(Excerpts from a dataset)
BEGIN

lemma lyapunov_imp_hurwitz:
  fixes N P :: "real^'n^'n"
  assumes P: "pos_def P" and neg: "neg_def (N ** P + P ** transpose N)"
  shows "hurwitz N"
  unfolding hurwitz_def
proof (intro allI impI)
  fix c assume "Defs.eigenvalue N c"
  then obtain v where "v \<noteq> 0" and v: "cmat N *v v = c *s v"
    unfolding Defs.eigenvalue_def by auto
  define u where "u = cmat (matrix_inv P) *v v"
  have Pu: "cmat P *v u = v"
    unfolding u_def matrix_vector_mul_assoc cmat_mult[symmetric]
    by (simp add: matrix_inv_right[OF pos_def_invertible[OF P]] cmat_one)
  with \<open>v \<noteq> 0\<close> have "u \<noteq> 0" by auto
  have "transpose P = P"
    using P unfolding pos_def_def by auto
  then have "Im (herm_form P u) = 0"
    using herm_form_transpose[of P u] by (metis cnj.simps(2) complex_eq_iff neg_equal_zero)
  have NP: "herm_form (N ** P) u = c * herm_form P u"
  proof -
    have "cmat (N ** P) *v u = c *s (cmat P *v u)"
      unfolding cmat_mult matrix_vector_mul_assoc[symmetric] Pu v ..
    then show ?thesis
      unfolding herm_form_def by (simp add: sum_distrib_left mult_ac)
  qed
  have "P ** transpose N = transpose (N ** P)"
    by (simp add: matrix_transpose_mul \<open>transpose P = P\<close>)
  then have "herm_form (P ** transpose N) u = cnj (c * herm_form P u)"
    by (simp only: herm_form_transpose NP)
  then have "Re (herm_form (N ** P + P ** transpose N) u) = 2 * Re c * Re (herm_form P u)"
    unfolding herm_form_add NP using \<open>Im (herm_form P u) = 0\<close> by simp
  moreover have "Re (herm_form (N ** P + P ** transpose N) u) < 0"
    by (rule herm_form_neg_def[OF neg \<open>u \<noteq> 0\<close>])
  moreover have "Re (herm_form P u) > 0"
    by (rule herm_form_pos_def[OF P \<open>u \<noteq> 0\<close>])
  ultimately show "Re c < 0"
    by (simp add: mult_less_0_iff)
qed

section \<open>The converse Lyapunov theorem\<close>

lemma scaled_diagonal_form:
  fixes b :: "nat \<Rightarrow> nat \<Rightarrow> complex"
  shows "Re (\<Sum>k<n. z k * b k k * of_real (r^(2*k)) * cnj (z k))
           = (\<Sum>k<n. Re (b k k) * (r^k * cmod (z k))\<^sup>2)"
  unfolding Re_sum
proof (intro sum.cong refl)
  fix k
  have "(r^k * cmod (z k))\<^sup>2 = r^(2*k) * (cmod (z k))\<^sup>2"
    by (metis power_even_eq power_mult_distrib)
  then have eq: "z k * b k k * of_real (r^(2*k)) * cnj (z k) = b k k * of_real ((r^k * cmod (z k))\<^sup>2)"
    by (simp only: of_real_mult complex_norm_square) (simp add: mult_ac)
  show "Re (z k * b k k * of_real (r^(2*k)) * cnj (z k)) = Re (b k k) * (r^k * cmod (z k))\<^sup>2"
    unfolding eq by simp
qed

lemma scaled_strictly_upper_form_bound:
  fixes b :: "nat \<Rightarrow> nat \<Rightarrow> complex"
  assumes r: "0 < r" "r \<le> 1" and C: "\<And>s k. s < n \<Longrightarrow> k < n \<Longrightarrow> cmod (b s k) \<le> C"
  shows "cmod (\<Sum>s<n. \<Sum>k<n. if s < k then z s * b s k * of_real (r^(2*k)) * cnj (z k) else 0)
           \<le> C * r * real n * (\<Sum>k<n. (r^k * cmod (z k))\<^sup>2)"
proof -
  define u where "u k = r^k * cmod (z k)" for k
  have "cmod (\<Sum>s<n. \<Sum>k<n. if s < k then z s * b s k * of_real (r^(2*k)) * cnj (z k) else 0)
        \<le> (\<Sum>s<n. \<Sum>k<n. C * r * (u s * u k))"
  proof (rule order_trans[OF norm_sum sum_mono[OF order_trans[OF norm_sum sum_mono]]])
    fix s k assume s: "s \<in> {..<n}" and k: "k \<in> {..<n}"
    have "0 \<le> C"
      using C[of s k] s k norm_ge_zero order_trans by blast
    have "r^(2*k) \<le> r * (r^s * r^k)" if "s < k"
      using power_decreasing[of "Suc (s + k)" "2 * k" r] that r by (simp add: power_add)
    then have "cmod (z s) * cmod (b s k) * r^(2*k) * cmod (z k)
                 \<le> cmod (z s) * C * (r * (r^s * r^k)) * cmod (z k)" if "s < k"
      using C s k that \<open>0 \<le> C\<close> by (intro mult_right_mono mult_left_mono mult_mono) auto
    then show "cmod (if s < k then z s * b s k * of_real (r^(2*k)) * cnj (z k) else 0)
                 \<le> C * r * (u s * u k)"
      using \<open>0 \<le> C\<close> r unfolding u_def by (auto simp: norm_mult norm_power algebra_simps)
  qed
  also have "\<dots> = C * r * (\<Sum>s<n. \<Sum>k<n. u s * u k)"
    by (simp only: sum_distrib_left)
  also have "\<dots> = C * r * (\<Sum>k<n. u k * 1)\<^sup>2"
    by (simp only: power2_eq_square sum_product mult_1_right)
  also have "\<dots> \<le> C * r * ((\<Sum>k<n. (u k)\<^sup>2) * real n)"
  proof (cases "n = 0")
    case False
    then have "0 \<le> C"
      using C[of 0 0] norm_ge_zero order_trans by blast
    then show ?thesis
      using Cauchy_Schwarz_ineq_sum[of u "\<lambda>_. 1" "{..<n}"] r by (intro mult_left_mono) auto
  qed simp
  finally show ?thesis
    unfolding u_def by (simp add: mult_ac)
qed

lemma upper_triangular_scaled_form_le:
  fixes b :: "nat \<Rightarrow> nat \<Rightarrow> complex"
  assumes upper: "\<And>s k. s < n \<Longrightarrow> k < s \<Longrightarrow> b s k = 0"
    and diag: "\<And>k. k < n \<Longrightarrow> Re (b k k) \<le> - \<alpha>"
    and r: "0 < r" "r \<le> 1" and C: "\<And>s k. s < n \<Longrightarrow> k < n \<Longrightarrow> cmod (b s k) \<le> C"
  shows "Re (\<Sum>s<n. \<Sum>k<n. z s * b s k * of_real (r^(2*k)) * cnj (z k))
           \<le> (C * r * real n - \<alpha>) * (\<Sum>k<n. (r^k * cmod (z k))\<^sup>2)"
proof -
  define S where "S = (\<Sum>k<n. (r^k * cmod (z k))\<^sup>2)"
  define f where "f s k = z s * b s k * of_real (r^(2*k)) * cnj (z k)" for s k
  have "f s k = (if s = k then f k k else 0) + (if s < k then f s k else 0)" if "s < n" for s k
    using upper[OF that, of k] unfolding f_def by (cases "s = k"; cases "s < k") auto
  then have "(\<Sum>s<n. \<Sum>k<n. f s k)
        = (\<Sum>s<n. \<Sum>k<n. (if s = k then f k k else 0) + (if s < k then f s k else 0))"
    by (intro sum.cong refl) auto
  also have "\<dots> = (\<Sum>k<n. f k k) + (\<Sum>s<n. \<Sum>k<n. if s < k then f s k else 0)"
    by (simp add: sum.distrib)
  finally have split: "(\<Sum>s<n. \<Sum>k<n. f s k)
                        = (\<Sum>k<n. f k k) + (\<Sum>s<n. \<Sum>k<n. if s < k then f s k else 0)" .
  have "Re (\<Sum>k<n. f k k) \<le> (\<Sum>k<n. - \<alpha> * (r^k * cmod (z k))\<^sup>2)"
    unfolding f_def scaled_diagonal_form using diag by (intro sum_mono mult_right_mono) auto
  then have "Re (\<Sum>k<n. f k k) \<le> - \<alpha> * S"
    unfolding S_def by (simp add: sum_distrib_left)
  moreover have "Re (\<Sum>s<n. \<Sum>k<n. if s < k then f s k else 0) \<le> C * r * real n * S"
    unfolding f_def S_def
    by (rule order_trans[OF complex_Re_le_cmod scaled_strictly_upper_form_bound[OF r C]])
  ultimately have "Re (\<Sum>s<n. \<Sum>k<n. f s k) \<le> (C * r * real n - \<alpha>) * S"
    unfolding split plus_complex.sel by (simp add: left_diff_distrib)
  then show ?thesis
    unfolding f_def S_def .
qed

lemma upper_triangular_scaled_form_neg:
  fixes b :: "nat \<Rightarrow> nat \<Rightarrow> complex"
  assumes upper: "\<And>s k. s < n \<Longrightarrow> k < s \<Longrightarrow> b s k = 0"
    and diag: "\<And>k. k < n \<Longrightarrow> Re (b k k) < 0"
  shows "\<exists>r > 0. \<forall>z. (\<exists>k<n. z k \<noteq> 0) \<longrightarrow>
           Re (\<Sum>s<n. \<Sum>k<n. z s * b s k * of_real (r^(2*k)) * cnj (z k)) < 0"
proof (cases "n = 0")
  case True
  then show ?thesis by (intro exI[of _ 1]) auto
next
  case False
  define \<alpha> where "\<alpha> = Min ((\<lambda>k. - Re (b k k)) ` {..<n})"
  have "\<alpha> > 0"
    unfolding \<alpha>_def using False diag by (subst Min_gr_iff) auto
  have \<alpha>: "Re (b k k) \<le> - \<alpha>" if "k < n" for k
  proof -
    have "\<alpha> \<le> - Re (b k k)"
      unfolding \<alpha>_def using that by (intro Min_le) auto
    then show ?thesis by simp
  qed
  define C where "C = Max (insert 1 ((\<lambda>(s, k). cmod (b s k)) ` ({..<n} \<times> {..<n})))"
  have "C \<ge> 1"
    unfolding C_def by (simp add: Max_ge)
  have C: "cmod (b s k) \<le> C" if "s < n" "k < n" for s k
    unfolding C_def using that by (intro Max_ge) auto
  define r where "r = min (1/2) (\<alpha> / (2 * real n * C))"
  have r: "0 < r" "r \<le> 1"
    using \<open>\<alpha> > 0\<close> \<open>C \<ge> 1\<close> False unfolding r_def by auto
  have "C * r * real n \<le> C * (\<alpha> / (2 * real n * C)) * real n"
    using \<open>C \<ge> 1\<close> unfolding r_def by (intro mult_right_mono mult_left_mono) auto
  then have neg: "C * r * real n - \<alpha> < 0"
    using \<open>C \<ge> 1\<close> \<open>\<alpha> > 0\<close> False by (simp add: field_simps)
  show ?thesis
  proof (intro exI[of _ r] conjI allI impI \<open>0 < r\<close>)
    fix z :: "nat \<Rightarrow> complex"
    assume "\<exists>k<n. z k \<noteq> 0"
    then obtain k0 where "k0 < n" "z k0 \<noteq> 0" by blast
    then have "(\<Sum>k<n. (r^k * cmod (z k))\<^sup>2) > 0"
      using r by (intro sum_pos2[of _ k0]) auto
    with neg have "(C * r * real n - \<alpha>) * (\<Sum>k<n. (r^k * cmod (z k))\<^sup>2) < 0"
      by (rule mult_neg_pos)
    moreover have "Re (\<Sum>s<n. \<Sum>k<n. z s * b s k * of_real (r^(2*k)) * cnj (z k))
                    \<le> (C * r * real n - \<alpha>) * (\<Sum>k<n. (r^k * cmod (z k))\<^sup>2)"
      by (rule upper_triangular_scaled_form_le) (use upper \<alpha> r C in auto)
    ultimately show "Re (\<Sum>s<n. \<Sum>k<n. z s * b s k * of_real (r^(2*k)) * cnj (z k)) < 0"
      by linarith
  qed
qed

END

= Problem =
Filter the entries down to the lines that hold "impI". Copy those lines.

= Answer to this task =
proof (intro allI impI)
  proof (intro exI[of _ r] conjI allI impI \<open>0 < r\<close>)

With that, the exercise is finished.